*What to do*.
With the records below as your source, retype each line exactly from the top down to the line that contains "unfolding uniform_completion_ones_prefix_block[OF assms]", and include that line.

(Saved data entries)

lemma expectation_uniform_completion_ones_prefix_block:
  assumes "i < k" "length b = l"
  shows "E (uniform_completion (ones_prefix i @ b)) potential_opt =
    block_time p l b / keep_prob i + tail_time (Suc i)"
proof (cases "\<forall>x\<in>set b. x")
  case True
  then show ?thesis
    using expectation_uniform_completion[of "Suc i"] assms all_True_eq_replicate[OF assms(2) True]
    by (simp add: ones_prefix_Suc block_time_replicate_True)
next
  case False
  show ?thesis
    unfolding uniform_completion_ones_prefix_block[OF assms] if_not_P[OF False]
    by (rule expectation_block_state[OF assms(2) False assms(1)])
qed

lemma expectation_mutate_uniform_completion:
  assumes "i < k" "length c = l" "\<not> (\<forall>b\<in>set c. b)"
  shows "E (bind_pmf (mutate p c) (\<lambda>b. uniform_completion (ones_prefix i @ b))) potential_opt =
    (block_time p l c - 1) / keep_prob i + tail_time (Suc i)"
proof -
  have "E (bind_pmf (mutate p c) (\<lambda>b. uniform_completion (ones_prefix i @ b))) potential_opt =
      E (mutate p c) (\<lambda>b. block_time p l b / keep_prob i + tail_time (Suc i))"
    using assms(2)
    by (simp add: expectation_bind_bounded[OF abs_potential_opt_le] length_mutate
        expectation_uniform_completion_ones_prefix_block[OF assms(1)] cong: expectation_cong)
  also have "\<dots> = (block_time p l c - 1) / keep_prob i + tail_time (Suc i)"
    using expectation_mutate_block_time[OF p_pos p_less_1 assms(2,3)] by simp
  finally show ?thesis .
qed

lemma expectation_resampled_transition:
  assumes "length x = n" "blo l x < k"
  shows "E (resampled_transition x) potential_opt = potential x - 1"
proof -
  define i where "i = blo l x"
  define c where "c = active_block x"
  have "i < k" and len_c: "length c = l" and c: "\<not> (\<forall>b\<in>set c. b)"
    using assms active_block_decomp(2,3)[OF assms] by (simp_all add: i_def c_def)
  note improve = expectation_mutate_uniform_completion[OF \<open>i < k\<close> len_c c]
  have stay: "E (resample_suffix x) potential_opt = potential x"
    using expectation_block_state[OF len_c c \<open>i < k\<close>] potential_eq[OF assms]
    by (simp add: resample_suffix_eq_block_state[OF assms] i_def c_def)
  have "E (resampled_transition x) potential_opt = E (mutate p (ones_prefix i)) (\<lambda>a.
      if a = ones_prefix i
      then E (bind_pmf (mutate p c) (\<lambda>b. uniform_completion (ones_prefix i @ b))) potential_opt
      else E (resample_suffix x) potential_opt)"
    unfolding resampled_transition_eq[OF assms] i_def[symmetric] c_def[symmetric]
    by (subst expectation_bind_bounded[OF abs_potential_opt_le]) (rule expectation_cong, simp)
  also have "\<dots> = keep_prob i * ((block_time p l c - 1) / keep_prob i + tail_time (Suc i)) +
      (1 - keep_prob i) * potential x"
    unfolding expectation_if_eq improve stay
    using p_pos p_less_1 by (simp add: pmf_mutate_self keep_prob_def)
  also have "\<dots> = potential x - 1"
    using keep_prob_pos[of i] potential_eq[OF assms] by (simp add: i_def c_def field_simps)
  finally show ?thesis .
qed

definition non_optimal :: "bool list set" where
  "non_optimal = {x. length x = n \<and> blo l x < k}"

lemma set_spmf_kill_opt: "length y = n \<Longrightarrow> x \<in> set_spmf (kill_opt l n y) \<Longrightarrow> x \<in> non_optimal"
  using blo_le[of l y] l_pos by (auto simp: kill_opt_eq non_optimal_def split: if_splits)

lemma set_spmf_alive: "set_spmf (alive t) \<subseteq> non_optimal"
proof (induction t)
  case 0
  then show ?case
    by (auto simp: ea_init_eq_uniform_bits set_spmf_bind_pmf dest: set_spmf_kill_opt)
next
  case (Suc t)
  have transition: "set_spmf (ea_transition x) \<subseteq> non_optimal" if "x \<in> non_optimal" for x
  proof -
    have "length y = n" if "y \<in> set_pmf (ea_step p l x)" for y
      using that \<open>x \<in> non_optimal\<close> by (auto simp: ea_step_def non_optimal_def length_mutate)
    then show ?thesis
      unfolding ea_transition_def set_spmf_bind_pmf by (auto simp: bind_UNION intro: set_spmf_kill_opt)
  qed
  show ?case
    using Suc.IH transition unfolding alive_Suc set_bind_spmf by (auto simp: bind_UNION)
qed

lemma suffix_uniform_bind_spmf:
  "(\<And>x. x \<in> set_spmf M \<Longrightarrow> suffix_uniform (f x)) \<Longrightarrow> suffix_uniform (bind_spmf M f)"
  unfolding bind_spmf_def
  by (intro suffix_uniform_bind_pmf) (auto simp: in_set_spmf suffix_uniform_None split: option.split)

lemma alive_0: "alive 0 = uniform_completion (ones_prefix 0)"
  by (simp add: uniform_completion_def ea_init_eq_uniform_bits ones_prefix_def)

lemma alive_Suc_resampled_if:
  "suffix_uniform (alive t) \<Longrightarrow> alive (Suc t) = bind_spmf (alive t) resampled_transition"
  unfolding suffix_uniform_def alive_Suc resampled_transition_def[abs_def]
  by (metis bind_spmf_assoc)

lemma suffix_uniform_alive: "suffix_uniform (alive t)"
proof (induction t)
  case 0
  show ?case
    unfolding alive_0 by (simp add: suffix_uniform_uniform_completion)
next
  case (Suc t)
  show ?case
    unfolding alive_Suc_resampled_if[OF Suc.IH]
    using set_spmf_alive[of t]
    by (intro suffix_uniform_bind_spmf suffix_uniform_resampled_transition)
       (auto simp: non_optimal_def)
qed

lemma alive_Suc_resampled: "alive (Suc t) = bind_spmf (alive t) resampled_transition"
  by (rule alive_Suc_resampled_if[OF suffix_uniform_alive])

definition expected_potential :: "nat \<Rightarrow> real" where
  "expected_potential t = E (alive t) potential_opt"

lemma weight_spmf_eq_expectation: "weight_spmf M = E M (\<lambda>ov. if ov = None then 0 else 1)"
  by (simp add: expectation_if_eq weight_spmf_conv_pmf_None)

lemma expected_potential_Suc:
  "expected_potential (Suc t) = expected_potential t - weight_spmf (alive t)"
proof -
  have "expected_potential (Suc t) =
      E (alive t) (case_option 0 (\<lambda>x. E (resampled_transition x) potential_opt))"
    unfolding expected_potential_def alive_Suc_resampled bind_spmf_def
    by (subst expectation_bind_bounded[OF abs_potential_opt_le])
       (auto simp: potential_opt_def intro: expectation_cong split: option.split)
  also have "\<dots> = E (alive t) (\<lambda>ov. potential_opt ov - (if ov = None then 0 else 1))"
  proof (rule expectation_cong)
    fix ov assume ov: "ov \<in> set_pmf (alive t)"
    show "case_option 0 (\<lambda>x. E (resampled_transition x) potential_opt) ov =
        potential_opt ov - (if ov = None then 0 else 1)"
    proof (cases ov)
      case (Some x)
      then have "x \<in> non_optimal"
        using ov set_spmf_alive[of t] by (auto simp: in_set_spmf)
      then show ?thesis
        using Some by (simp add: non_optimal_def expectation_resampled_transition)
    qed simp
  qed
  also have "\<dots> = expected_potential t - weight_spmf (alive t)"
    unfolding expected_potential_def weight_spmf_eq_expectation
    by (rule Bochner_Integration.integral_diff)
       (auto intro: integrable_measure_pmf_bounded[OF abs_potential_opt_le]
         integrable_measure_pmf_bounded[where B = 1])
  finally show ?thesis .
qed

lemma expected_potential_0: "expected_potential 0 = tail_time 0"
  unfolding expected_potential_def alive_0 by (simp add: expectation_uniform_completion)

lemma expected_potential_nonneg: "0 \<le> expected_potential t"
  unfolding expected_potential_def
  by (rule Bochner_Integration.integral_nonneg) (simp add: potential_opt_nonneg)

lemma expected_potential_le: "expected_potential t \<le> potential_bound * weight_spmf (alive t)"
proof -
  have "expected_potential t \<le> E (alive t) (\<lambda>ov. potential_bound * (if ov = None then 0 else 1))"
    unfolding expected_potential_def
  proof (rule integral_mono)
    show "integrable (measure_pmf (alive t)) potential_opt"
      by (rule integrable_measure_pmf_bounded[OF abs_potential_opt_le])
    show "integrable (measure_pmf (alive t)) (\<lambda>ov. potential_bound * (if ov = None then 0 else 1))"
      by (rule integrable_measure_pmf_bounded[where B = "\<bar>potential_bound\<bar>"]) auto
    show "potential_opt ov \<le> potential_bound * (if ov = None then 0 else 1)" for ov
      using abs_potential_opt_le[of ov] by (cases ov) (auto simp: potential_opt_def)
  qed
  then show ?thesis
    by (simp add: weight_spmf_eq_expectation)
qed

*Expected output*.
lemma expectation_uniform_completion_ones_prefix_block:
  assumes "i < k" "length b = l"
  shows "E (uniform_completion (ones_prefix i @ b)) potential_opt =
    block_time p l b / keep_prob i + tail_time (Suc i)"
proof (cases "\<forall>x\<in>set b. x")
  case True
  then show ?thesis
    using expectation_uniform_completion[of "Suc i"] assms all_True_eq_replicate[OF assms(2) True]
    by (simp add: ones_prefix_Suc block_time_replicate_True)
next
  case False
  show ?thesis
    unfolding uniform_completion_ones_prefix_block[OF assms] if_not_P[OF False]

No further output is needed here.